One of the most important problems faced by health care providers today is antimicrobial resistance. For years, the Centers for Disease Control and Prevention has been educating providers regarding the judicious use of antibiotics to stem the problem of resistance.1 Despite these efforts, inappropriate use of antibiotics in primary care is still a major problem. One estimate suggests that 50% of prescriptions for respiratory tract infections, which account for approximately half of the antibiotics prescribed in the community setting, are unnecessary.2 This type of behavior is a major problem because it is well established that excessive and inappropriate use of antibiotics can lead to the development of resistance in communities.3,4 Whether these same behaviors can lead to the development of resistance among the individuals who are taking them inappropriately is less clear at this time, particularly in the primary care setting.
To examine whether the use of antibiotics leads to the development of resistance among individuals, Costelloe and colleagues performed a systematic review and meta-analysis of studies investigating subsequent antibiotic resistance among individuals prescribed antibiotics in primary care.5 They identified 4373 potential studies, but only 24 met the inclusion criteria and were included in the review.

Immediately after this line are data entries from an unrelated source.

(* Let $\mathcal H$ be a complex separable Hilbert space, let $\mathcal A=(A_n)_{n\ge0}$ be a sequence of positive invertible bounded operators on $\mathcal H$ with $\sup_n\|A_n\|<\infty$, and suppose the operator-valued weighted shift $W_{\mathcal A}$ on $\ell^2(\mathcal H)$ is quadratically hyponormal. If $A_n=A_{n+1}=A_{n+2}$ for some $n\ge0$, then $A_k=A_n$ for every $k\ge1$.
   Context: $\ell^2(\mathcal H)=\{(x_n)_{n\ge0}: x_n\in\mathcal H,\ \sum_n\|x_n\|^2<\infty\}$; the operator-valued weighted shift is $W_{\mathcal A}(x_0,x_1,\dots)=(0,A_0x_0,A_1x_1,\dots)$. A bounded operator $T$ is hyponormal if $T^*T-TT^*\ge0$, and quadratically hyponormal if $T+\lambda T^2$ is hyponormal for every $\lambda\in\mathbb C$. *)

theory Defs
  imports "HOL-Analysis.Analysis"
begin

class complex_vector = real_vector +
  fixes scaleC :: "complex \<Rightarrow> 'a \<Rightarrow> 'a" (infixr \<open>*\<^sub>C\<close> 75)
  assumes scaleC_add_right: "a *\<^sub>C (x + y) = a *\<^sub>C x + a *\<^sub>C y"
    and scaleC_add_left: "(a + b) *\<^sub>C x = a *\<^sub>C x + b *\<^sub>C x"
    and scaleC_scaleC: "a *\<^sub>C (b *\<^sub>C x) = (a * b) *\<^sub>C x"
    and scaleC_one: "1 *\<^sub>C x = x"
    and scaleR_scaleC: "scaleR r x = complex_of_real r *\<^sub>C x"

class complex_inner = complex_vector + real_normed_vector +
  fixes cinner :: "'a \<Rightarrow> 'a \<Rightarrow> complex"
  assumes cinner_commute: "cinner x y = cnj (cinner y x)"
    and cinner_add_left: "cinner (x + y) z = cinner x z + cinner y z"
    and cinner_scaleC_left: "cinner (r *\<^sub>C x) y = cnj r * cinner x y"
    and cinner_ge_zero: "0 \<le> Re (cinner x x)"
    and cinner_eq_zero_iff: "cinner x x = 0 \<longleftrightarrow> x = 0"
    and norm_eq_sqrt_cinner: "norm x = sqrt (Re (cinner x x))"

class chilbert_space = complex_inner + complete_space

definition bounded_clinear :: "('a::complex_inner \<Rightarrow> 'b::complex_inner) \<Rightarrow> bool" where
  "bounded_clinear T \<longleftrightarrow>
     (\<forall>x y. T (x + y) = T x + T y) \<and> (\<forall>c x. T (c *\<^sub>C x) = c *\<^sub>C T x) \<and>
     (\<exists>K. \<forall>x. norm (T x) \<le> norm x * K)"

definition positive_op :: "('a::complex_inner \<Rightarrow> 'a) \<Rightarrow> bool" where
  "positive_op A \<longleftrightarrow> bounded_clinear A \<and>
     (\<forall>x. Im (cinner (A x) x) = 0 \<and> Re (cinner (A x) x) \<ge> 0)"

definition invertible_op :: "('a::complex_inner \<Rightarrow> 'a) \<Rightarrow> bool" where
  "invertible_op A \<longleftrightarrow> bounded_clinear A \<and>
     (\<exists>B. bounded_clinear B \<and> (\<forall>x. B (A x) = x) \<and> (\<forall>x. A (B x) = x))"

definition ell2 :: "(nat \<Rightarrow> 'h::complex_inner) set" where
  "ell2 = {x. summable (\<lambda>n. (norm (x n))\<^sup>2)}"

definition l2inner :: "(nat \<Rightarrow> 'h::complex_inner) \<Rightarrow> (nat \<Rightarrow> 'h) \<Rightarrow> complex" where
  "l2inner x y = (\<Sum>n. cinner (x n) (y n))"

definition l2norm :: "(nat \<Rightarrow> 'h::complex_inner) \<Rightarrow> real" where
  "l2norm x = sqrt (\<Sum>n. (norm (x n))\<^sup>2)"

definition l2_bounded :: "((nat \<Rightarrow> 'h::complex_inner) \<Rightarrow> (nat \<Rightarrow> 'h)) \<Rightarrow> bool" where
  "l2_bounded T \<longleftrightarrow>
     (\<forall>x\<in>ell2. T x \<in> ell2) \<and>
     (\<forall>x\<in>ell2. \<forall>y\<in>ell2. T (\<lambda>n. x n + y n) = (\<lambda>n. T x n + T y n)) \<and>
     (\<forall>c. \<forall>x\<in>ell2. T (\<lambda>n. c *\<^sub>C x n) = (\<lambda>n. c *\<^sub>C T x n)) \<and>
     (\<exists>K. \<forall>x\<in>ell2. l2norm (T x) \<le> K * l2norm x)"

definition l2_adjoint :: "((nat \<Rightarrow> 'h::complex_inner) \<Rightarrow> (nat \<Rightarrow> 'h)) \<Rightarrow> ((nat \<Rightarrow> 'h) \<Rightarrow> (nat \<Rightarrow> 'h))" where
  "l2_adjoint T = (SOME S. (\<forall>y\<in>ell2. S y \<in> ell2) \<and>
      (\<forall>x\<in>ell2. \<forall>y\<in>ell2. l2inner (T x) y = l2inner x (S y)))"

definition l2_positive :: "((nat \<Rightarrow> 'h::complex_inner) \<Rightarrow> (nat \<Rightarrow> 'h)) \<Rightarrow> bool" where
  "l2_positive S \<longleftrightarrow> (\<forall>x\<in>ell2. Im (l2inner (S x) x) = 0 \<and> Re (l2inner (S x) x) \<ge> 0)"

definition l2_hyponormal :: "((nat \<Rightarrow> 'h::complex_inner) \<Rightarrow> (nat \<Rightarrow> 'h)) \<Rightarrow> bool" where
  "l2_hyponormal T \<longleftrightarrow> l2_bounded T \<and>
     l2_positive (\<lambda>x n. l2_adjoint T (T x) n - T (l2_adjoint T x) n)"

definition l2_quad_hyponormal :: "((nat \<Rightarrow> 'h::complex_inner) \<Rightarrow> (nat \<Rightarrow> 'h)) \<Rightarrow> bool" where
  "l2_quad_hyponormal T \<longleftrightarrow> l2_bounded T \<and>
     (\<forall>lam::complex. l2_hyponormal (\<lambda>x n. T x n + lam *\<^sub>C T (T x) n))"

definition op_weighted_shift :: "(nat \<Rightarrow> 'h \<Rightarrow> 'h) \<Rightarrow> (nat \<Rightarrow> 'h::complex_inner) \<Rightarrow> (nat \<Rightarrow> 'h)" where
  "op_weighted_shift A x = (\<lambda>n. case n of 0 \<Rightarrow> 0 | Suc k \<Rightarrow> A k (x k))"

end

theory Submission
  imports Defs
begin

text \<open>For \<open>t > 0\<close>, hyponormality of \<open>T = W + t W\<^sup>2\<close> gives
  \<open>\<parallel>T\<^sup>* x\<parallel> \<le> \<parallel>T x\<parallel>\<close>; for \<open>x\<close> supported on three consecutive coordinates both sides are finite
  sums. Next to a block of three equal weights \<open>B\<close>, a test vector is chosen for which most entries of
  \<open>T x\<close> cancel, and expanding \<open>\<parallel>T\<^sup>* x\<parallel>\<^sup>2\<close> with the positivity of \<open>B\<close> bounds \<open>t\<^sup>4\<close> times a squared
  defect by \<open>t\<^sup>6\<close> times a constant. Letting \<open>t \<rightarrow> 0\<close> shows that the neighbouring weight and \<open>B\<close>
  have the same square on the range of the invertible \<open>B\<close>, hence everywhere, and uniqueness of
  positive square roots makes them equal. Induction spreads the block in both directions; the
  step to the left of index \<open>k\<close> uses the weight \<open>A (k - 1)\<close>, so it stops at \<open>k = 1\<close>.\<close>

section \<open>Complex inner product spaces\<close>

lemma cinner_add_right: "cinner x (y + z) = cinner x y + cinner (x::'a::complex_inner) z"
  by (subst (1 2 3) cinner_commute) (simp add: cinner_add_left)

lemma cinner_scaleC_right: "cinner x (r *\<^sub>C y) = r * cinner (x::'a::complex_inner) y"
  by (subst (1 2) cinner_commute) (simp add: cinner_scaleC_left)

lemma cinner_scaleR_left: "cinner (r *\<^sub>R x) (y::'a::complex_inner) = complex_of_real r * cinner x y"
  by (simp add: scaleR_scaleC cinner_scaleC_left)

lemma cinner_scaleR_right: "cinner x (r *\<^sub>R y::'a::complex_inner) = complex_of_real r * cinner x y"
  by (simp add: scaleR_scaleC cinner_scaleC_right)

lemma cinner_zero_left [simp]: "cinner 0 (y::'a::complex_inner) = 0"
  using cinner_scaleR_left[of 0 y y] by simp

lemma cinner_zero_right [simp]: "cinner (x::'a::complex_inner) 0 = 0"
  using cinner_scaleR_right[of x 0 x] by simp

lemma cinner_minus_left: "cinner (- x) (y::'a::complex_inner) = - cinner x y"
  using cinner_scaleR_left[of "-1" x y] by simp

lemma cinner_minus_right: "cinner x (- y::'a::complex_inner) = - cinner x y"
  using cinner_scaleR_right[of x "-1" y] by simp

lemma cinner_diff_left: "cinner (x - z) (y::'a::complex_inner) = cinner x y - cinner z y"
  by (simp only: diff_conv_add_uminus cinner_add_left cinner_minus_left)

lemma cinner_diff_right: "cinner x (y - z::'a::complex_inner) = cinner x y - cinner x z"
  by (simp only: diff_conv_add_uminus cinner_add_right cinner_minus_right)

lemma Im_cinner_self [simp]: "Im (cinner x (x::'a::complex_inner)) = 0"
  using arg_cong[OF cinner_commute[of x x], of Im] by simp

lemma Re_cinner_commute: "Re (cinner x (y::'a::complex_inner)) = Re (cinner y x)"
  by (subst cinner_commute) simp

Two independent reviewers assessed the quality of the eligible studies and extracted the data. For studies that had similar outcomes, meta-analyses were conducted when possible. Their main aim was to identify if there was an association between antibiotic use and development of resistance among individuals in the primary care setting. In addition, researchers wanted to quantify the strength and duration of such association.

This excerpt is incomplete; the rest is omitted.